● Data for this exercise:
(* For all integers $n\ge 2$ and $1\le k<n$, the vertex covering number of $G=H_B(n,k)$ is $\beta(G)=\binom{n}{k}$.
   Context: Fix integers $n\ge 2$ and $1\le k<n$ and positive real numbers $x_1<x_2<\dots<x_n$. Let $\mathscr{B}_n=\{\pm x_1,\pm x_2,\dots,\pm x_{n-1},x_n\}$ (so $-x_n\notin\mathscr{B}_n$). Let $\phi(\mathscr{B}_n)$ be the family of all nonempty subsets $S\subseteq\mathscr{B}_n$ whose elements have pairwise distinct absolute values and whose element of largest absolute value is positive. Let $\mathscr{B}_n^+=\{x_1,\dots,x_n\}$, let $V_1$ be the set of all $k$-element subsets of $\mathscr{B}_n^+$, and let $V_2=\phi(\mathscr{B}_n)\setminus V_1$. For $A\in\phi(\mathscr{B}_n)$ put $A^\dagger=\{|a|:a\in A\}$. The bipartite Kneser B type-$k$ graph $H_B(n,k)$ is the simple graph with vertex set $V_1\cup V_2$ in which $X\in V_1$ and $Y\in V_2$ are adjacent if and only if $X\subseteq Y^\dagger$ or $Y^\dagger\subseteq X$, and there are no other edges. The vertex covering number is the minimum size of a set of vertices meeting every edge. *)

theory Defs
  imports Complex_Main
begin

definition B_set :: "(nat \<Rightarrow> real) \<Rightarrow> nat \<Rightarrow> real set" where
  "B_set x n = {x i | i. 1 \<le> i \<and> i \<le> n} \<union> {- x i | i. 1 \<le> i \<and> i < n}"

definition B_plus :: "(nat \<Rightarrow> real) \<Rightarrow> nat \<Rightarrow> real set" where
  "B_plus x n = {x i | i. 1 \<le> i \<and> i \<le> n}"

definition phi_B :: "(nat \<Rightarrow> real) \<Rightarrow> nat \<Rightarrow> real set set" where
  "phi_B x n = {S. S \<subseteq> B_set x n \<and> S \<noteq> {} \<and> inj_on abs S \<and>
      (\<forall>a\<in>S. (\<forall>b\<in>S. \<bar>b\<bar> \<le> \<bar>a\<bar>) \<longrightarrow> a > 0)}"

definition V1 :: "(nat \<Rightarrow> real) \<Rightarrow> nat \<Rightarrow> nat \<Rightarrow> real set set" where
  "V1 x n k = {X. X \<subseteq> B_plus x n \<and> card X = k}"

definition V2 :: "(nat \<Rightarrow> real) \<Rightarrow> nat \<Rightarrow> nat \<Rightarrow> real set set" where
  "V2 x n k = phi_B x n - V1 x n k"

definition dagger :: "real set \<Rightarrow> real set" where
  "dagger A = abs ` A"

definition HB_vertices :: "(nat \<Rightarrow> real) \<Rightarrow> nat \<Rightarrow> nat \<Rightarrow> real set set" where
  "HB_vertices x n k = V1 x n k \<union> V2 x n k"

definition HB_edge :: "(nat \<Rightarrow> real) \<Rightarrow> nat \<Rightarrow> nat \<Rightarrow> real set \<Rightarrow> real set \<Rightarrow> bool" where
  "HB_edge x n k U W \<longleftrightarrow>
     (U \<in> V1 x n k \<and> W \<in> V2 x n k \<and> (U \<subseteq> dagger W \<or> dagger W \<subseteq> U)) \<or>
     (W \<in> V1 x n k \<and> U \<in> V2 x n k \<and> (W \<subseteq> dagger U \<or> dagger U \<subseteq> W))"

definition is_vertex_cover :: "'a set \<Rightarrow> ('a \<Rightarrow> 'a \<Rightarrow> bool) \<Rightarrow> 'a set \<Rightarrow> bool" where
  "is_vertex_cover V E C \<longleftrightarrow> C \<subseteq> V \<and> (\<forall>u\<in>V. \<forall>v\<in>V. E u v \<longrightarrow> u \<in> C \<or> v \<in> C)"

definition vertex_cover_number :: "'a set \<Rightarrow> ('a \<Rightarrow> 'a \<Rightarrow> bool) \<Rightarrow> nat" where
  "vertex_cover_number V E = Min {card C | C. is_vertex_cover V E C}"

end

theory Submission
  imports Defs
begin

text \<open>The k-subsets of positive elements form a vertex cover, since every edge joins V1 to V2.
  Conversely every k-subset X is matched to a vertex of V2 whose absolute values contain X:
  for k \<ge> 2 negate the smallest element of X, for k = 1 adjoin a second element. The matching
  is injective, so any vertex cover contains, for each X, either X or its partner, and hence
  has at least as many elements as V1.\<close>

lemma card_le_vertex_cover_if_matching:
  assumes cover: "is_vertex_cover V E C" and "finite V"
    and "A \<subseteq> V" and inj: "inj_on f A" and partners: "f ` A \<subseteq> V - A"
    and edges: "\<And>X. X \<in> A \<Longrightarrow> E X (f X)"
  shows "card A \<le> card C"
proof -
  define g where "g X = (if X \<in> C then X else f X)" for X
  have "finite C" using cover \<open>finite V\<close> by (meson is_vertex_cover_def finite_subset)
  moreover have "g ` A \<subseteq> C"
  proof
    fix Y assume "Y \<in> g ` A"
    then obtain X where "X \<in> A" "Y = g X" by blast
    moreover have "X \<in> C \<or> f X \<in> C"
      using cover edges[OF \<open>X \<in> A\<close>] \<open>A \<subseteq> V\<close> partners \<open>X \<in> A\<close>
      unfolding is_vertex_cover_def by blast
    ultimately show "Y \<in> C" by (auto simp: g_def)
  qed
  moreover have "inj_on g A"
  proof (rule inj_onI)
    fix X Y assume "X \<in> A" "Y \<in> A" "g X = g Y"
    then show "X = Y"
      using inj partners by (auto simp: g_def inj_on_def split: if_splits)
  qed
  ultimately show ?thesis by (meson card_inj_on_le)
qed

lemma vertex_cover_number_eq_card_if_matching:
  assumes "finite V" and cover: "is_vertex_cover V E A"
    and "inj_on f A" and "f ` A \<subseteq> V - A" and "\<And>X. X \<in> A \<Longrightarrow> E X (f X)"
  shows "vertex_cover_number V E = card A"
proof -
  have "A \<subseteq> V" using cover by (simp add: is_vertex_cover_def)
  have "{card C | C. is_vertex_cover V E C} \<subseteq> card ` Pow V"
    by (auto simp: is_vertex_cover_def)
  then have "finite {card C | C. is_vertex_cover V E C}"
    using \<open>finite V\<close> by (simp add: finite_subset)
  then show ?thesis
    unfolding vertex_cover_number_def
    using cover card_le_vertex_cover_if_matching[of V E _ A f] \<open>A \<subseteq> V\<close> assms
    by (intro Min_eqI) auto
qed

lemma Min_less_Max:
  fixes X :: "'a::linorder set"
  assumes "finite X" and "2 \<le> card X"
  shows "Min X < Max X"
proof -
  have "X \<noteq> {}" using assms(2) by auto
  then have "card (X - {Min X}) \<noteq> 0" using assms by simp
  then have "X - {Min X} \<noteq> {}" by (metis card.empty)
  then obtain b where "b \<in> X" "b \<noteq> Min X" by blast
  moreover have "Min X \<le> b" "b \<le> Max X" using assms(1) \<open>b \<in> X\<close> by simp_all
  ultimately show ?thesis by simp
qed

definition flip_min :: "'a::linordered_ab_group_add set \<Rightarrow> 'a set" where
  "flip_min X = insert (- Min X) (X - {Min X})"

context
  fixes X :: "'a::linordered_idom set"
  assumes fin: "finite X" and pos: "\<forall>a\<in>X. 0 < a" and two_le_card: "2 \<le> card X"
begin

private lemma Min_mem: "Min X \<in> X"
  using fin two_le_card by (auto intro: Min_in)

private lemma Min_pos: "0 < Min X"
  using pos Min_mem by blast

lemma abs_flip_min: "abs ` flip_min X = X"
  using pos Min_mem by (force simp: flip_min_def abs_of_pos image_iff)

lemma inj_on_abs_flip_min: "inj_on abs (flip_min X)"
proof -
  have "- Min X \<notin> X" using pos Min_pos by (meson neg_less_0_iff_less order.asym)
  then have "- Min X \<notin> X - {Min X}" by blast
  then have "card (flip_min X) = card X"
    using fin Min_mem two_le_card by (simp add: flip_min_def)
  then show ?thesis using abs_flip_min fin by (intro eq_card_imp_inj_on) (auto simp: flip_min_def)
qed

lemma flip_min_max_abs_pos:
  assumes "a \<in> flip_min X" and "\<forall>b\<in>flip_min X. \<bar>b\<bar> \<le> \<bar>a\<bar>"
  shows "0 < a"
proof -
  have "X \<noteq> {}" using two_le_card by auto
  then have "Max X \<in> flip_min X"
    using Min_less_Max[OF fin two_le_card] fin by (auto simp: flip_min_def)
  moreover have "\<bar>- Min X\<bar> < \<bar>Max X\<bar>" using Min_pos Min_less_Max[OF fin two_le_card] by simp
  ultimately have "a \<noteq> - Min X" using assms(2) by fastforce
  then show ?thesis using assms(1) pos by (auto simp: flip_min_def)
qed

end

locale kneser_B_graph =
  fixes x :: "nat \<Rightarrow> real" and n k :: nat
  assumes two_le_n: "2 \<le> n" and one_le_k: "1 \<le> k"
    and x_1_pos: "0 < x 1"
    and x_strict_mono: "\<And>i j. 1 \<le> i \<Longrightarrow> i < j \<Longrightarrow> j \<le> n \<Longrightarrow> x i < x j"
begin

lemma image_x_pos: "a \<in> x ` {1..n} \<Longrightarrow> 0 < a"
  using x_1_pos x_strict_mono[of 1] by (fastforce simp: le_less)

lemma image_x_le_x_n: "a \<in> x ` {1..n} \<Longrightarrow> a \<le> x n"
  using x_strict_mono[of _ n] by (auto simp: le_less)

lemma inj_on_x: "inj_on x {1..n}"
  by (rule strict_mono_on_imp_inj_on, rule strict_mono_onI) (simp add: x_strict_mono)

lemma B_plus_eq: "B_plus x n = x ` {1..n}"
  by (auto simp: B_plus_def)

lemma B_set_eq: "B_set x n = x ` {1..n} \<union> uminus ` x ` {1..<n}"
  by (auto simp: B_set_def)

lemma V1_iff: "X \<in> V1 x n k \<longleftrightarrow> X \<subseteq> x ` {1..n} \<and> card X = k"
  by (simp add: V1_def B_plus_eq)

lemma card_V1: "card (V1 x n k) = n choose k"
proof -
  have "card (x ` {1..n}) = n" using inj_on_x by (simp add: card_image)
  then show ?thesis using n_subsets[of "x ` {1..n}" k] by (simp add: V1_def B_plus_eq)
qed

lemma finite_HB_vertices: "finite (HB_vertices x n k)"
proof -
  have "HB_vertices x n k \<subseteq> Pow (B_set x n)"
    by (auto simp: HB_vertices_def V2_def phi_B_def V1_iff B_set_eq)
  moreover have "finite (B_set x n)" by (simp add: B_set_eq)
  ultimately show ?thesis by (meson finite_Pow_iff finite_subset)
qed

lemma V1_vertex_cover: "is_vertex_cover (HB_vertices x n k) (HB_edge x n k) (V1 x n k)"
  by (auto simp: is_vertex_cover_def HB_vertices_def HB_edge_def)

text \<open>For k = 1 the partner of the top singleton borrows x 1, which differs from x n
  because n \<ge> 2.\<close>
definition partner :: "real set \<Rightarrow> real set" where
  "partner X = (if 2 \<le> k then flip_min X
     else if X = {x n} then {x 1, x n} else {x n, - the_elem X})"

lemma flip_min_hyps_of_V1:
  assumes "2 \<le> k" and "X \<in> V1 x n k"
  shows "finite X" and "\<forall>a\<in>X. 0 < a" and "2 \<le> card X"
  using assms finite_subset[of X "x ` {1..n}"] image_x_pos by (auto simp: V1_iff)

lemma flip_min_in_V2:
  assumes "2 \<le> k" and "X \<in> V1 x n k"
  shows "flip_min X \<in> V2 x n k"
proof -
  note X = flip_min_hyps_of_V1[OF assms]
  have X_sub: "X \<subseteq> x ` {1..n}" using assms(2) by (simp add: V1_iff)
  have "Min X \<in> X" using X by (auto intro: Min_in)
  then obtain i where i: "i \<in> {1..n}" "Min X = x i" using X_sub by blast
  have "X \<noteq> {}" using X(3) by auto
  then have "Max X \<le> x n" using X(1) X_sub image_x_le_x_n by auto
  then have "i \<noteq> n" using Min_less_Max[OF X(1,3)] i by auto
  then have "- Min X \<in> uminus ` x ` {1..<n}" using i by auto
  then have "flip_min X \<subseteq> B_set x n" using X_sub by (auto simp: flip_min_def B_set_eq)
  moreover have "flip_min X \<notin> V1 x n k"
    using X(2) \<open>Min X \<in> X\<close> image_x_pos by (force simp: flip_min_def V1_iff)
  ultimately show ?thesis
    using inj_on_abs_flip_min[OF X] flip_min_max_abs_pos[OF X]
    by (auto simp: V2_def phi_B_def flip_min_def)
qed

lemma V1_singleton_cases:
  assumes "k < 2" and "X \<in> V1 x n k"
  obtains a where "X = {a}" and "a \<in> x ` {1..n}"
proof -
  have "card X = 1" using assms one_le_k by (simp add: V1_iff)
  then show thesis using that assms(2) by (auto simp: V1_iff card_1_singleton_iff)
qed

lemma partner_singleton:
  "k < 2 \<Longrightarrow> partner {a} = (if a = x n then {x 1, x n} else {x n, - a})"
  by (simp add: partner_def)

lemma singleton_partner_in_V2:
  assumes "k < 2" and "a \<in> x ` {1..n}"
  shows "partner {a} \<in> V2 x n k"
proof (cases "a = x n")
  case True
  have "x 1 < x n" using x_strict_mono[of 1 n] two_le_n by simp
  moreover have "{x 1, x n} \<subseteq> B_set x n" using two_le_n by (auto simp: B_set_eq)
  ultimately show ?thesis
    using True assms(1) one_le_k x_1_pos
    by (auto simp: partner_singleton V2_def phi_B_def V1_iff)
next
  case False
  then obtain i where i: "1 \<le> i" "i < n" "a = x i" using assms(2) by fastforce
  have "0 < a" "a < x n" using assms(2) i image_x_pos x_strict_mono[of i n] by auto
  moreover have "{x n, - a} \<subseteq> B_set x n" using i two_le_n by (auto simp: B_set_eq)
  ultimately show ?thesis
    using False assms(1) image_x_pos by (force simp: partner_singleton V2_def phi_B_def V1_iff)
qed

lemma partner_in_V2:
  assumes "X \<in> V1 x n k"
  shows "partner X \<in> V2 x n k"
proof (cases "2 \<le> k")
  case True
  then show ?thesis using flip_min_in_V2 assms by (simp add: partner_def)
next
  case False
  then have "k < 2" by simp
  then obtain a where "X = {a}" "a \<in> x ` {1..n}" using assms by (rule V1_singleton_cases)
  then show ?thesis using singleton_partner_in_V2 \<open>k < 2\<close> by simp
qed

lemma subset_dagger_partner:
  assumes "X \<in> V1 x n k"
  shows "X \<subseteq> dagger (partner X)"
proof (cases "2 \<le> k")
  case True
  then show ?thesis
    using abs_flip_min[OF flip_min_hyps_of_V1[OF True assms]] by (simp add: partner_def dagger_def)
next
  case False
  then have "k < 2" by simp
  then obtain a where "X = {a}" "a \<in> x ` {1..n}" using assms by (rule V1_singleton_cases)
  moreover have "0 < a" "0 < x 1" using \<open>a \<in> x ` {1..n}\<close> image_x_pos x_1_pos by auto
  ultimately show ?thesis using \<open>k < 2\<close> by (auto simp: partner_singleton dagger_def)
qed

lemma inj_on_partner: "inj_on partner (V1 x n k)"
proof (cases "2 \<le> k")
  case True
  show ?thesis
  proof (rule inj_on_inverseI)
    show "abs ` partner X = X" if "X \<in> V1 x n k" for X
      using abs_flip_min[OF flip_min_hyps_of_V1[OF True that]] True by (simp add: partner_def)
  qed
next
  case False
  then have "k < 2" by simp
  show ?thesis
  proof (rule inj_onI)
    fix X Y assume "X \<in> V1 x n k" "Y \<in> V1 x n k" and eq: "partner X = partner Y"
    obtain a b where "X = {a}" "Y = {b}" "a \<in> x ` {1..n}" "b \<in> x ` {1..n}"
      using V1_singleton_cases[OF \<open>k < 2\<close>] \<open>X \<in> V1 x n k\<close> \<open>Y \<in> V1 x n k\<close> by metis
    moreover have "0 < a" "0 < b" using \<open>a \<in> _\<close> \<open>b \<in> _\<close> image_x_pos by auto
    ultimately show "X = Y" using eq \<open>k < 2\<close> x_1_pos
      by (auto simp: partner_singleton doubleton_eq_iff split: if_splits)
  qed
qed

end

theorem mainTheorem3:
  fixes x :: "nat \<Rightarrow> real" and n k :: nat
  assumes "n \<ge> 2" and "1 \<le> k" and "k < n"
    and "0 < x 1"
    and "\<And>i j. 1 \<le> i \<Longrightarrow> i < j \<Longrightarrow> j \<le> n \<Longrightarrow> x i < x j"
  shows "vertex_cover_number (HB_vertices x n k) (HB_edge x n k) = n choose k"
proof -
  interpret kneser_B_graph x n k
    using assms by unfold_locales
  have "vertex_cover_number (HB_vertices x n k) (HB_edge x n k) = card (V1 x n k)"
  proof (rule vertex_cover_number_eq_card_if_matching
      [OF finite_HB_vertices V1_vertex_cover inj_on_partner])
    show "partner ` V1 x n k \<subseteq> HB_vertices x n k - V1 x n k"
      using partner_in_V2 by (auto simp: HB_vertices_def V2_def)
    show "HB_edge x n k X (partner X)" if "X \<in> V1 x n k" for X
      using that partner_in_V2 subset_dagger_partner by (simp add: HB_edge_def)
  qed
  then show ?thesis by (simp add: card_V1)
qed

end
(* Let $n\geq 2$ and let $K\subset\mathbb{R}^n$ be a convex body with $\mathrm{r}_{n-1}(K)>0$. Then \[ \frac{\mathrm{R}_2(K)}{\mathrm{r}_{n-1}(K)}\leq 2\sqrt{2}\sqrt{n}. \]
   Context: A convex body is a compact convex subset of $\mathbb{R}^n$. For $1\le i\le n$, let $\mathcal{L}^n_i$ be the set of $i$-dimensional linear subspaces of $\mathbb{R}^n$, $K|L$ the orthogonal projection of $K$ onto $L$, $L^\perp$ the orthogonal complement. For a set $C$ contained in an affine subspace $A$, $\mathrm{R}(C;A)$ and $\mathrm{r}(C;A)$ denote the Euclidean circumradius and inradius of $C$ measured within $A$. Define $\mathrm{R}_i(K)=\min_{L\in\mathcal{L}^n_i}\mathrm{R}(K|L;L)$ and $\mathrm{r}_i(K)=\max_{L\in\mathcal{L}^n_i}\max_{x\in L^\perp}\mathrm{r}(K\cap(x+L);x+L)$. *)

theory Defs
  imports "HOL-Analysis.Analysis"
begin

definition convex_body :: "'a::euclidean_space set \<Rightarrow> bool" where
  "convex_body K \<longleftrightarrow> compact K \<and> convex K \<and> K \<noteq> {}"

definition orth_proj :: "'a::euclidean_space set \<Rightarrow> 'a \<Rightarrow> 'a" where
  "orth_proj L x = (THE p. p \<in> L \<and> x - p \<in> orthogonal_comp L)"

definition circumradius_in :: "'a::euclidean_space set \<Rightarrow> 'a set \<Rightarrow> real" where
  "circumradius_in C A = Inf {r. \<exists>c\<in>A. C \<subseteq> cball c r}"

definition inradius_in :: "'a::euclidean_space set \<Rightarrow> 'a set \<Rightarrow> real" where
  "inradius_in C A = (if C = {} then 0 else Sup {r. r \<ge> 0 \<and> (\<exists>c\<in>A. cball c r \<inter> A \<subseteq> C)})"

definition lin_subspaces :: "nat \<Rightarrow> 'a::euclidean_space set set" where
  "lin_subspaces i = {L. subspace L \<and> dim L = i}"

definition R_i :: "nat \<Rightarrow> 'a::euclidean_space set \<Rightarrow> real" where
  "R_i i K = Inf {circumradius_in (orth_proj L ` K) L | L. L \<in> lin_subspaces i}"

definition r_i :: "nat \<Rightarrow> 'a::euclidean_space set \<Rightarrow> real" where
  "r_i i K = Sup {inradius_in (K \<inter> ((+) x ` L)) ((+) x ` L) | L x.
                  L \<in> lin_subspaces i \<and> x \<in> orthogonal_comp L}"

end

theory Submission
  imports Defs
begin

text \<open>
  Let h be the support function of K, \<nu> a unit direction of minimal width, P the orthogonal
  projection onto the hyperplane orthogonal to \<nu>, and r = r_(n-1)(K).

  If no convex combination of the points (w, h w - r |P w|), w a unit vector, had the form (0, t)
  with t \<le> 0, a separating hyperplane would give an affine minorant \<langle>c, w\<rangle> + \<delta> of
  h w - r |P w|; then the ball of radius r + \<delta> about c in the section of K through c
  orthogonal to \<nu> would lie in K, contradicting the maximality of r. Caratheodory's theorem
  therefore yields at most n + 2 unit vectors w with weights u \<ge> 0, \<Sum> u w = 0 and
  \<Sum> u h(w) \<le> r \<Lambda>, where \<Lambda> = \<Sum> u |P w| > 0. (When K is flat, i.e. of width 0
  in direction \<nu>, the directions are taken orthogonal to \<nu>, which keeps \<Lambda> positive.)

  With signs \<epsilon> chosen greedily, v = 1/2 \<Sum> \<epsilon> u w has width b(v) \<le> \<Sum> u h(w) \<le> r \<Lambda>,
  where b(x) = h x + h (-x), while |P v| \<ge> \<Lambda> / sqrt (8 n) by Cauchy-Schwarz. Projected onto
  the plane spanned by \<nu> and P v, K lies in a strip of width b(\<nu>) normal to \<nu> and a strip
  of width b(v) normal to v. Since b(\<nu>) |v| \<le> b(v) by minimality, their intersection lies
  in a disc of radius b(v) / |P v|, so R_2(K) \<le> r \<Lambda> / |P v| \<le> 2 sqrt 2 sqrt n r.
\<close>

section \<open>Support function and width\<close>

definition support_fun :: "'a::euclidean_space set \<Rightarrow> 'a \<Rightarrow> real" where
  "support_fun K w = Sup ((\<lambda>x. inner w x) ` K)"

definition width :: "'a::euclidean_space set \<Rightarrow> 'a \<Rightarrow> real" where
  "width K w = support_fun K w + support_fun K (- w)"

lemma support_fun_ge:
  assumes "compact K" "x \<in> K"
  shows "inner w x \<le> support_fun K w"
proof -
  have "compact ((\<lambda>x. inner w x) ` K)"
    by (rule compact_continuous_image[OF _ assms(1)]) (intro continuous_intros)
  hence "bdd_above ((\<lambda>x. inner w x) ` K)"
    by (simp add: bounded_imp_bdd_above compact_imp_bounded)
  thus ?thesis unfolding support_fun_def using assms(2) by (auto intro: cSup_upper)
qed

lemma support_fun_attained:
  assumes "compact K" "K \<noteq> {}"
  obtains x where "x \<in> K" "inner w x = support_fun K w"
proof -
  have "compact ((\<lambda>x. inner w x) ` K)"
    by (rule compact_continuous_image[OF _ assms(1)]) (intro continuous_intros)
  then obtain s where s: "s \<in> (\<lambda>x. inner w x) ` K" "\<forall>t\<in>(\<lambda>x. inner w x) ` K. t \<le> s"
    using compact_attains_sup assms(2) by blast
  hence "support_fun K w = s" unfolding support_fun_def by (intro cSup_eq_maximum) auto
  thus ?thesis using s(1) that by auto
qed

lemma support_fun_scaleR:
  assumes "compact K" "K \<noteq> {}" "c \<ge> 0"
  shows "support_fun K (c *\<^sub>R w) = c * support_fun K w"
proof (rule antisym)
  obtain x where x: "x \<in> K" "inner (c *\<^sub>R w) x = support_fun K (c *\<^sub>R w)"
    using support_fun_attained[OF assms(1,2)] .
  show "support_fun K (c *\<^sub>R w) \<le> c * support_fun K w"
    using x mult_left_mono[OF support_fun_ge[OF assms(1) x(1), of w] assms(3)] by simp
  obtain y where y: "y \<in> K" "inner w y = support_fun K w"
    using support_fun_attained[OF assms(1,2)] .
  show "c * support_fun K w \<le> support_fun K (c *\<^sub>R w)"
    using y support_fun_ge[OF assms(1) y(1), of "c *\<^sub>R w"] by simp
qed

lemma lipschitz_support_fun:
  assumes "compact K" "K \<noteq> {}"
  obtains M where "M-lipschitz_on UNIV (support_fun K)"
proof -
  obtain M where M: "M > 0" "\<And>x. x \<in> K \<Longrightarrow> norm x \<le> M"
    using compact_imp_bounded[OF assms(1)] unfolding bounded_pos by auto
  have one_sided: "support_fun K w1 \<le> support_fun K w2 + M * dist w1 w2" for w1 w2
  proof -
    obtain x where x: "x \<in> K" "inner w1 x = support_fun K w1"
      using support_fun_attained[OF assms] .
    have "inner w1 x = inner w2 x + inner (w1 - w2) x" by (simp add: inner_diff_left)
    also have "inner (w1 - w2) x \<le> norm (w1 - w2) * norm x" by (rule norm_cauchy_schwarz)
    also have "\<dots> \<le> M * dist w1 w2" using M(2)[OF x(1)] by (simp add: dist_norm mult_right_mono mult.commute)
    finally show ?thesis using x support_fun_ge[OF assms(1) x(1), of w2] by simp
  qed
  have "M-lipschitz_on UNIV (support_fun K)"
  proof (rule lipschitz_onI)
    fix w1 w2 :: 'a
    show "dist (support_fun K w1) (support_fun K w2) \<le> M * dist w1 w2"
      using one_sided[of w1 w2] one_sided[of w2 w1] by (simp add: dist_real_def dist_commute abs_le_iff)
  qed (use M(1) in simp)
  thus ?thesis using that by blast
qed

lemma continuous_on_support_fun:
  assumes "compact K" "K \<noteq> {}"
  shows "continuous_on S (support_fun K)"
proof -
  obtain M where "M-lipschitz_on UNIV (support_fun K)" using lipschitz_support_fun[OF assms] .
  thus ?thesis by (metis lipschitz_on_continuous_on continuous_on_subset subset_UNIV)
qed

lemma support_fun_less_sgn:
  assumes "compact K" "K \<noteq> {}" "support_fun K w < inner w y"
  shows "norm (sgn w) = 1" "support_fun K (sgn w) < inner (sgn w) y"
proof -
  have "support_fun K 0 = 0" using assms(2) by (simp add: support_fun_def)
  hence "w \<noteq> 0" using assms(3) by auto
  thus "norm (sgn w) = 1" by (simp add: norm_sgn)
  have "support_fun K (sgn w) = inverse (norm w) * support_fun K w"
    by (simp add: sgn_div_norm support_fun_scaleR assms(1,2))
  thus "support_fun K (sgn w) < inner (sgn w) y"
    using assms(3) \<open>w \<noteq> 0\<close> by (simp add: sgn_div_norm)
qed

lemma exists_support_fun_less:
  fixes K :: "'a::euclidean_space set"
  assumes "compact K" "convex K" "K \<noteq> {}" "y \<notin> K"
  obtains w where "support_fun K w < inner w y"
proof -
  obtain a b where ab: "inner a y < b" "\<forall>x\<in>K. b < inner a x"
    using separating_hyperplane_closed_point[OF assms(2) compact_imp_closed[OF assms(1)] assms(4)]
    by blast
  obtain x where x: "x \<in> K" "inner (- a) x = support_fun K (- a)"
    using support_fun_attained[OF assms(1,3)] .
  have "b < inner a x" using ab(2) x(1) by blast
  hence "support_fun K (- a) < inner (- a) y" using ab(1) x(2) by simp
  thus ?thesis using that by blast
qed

● Task details: Check each line above for the string "would" and copy those that have it.

● Task solution:
  with t \<le> 0, a separating hyperplane would give an affine minorant \<langle>c, w\<rangle> + \<delta> of
  orthogonal to \<nu> would lie in K, contradicting the maximality of r. Caratheodory's theorem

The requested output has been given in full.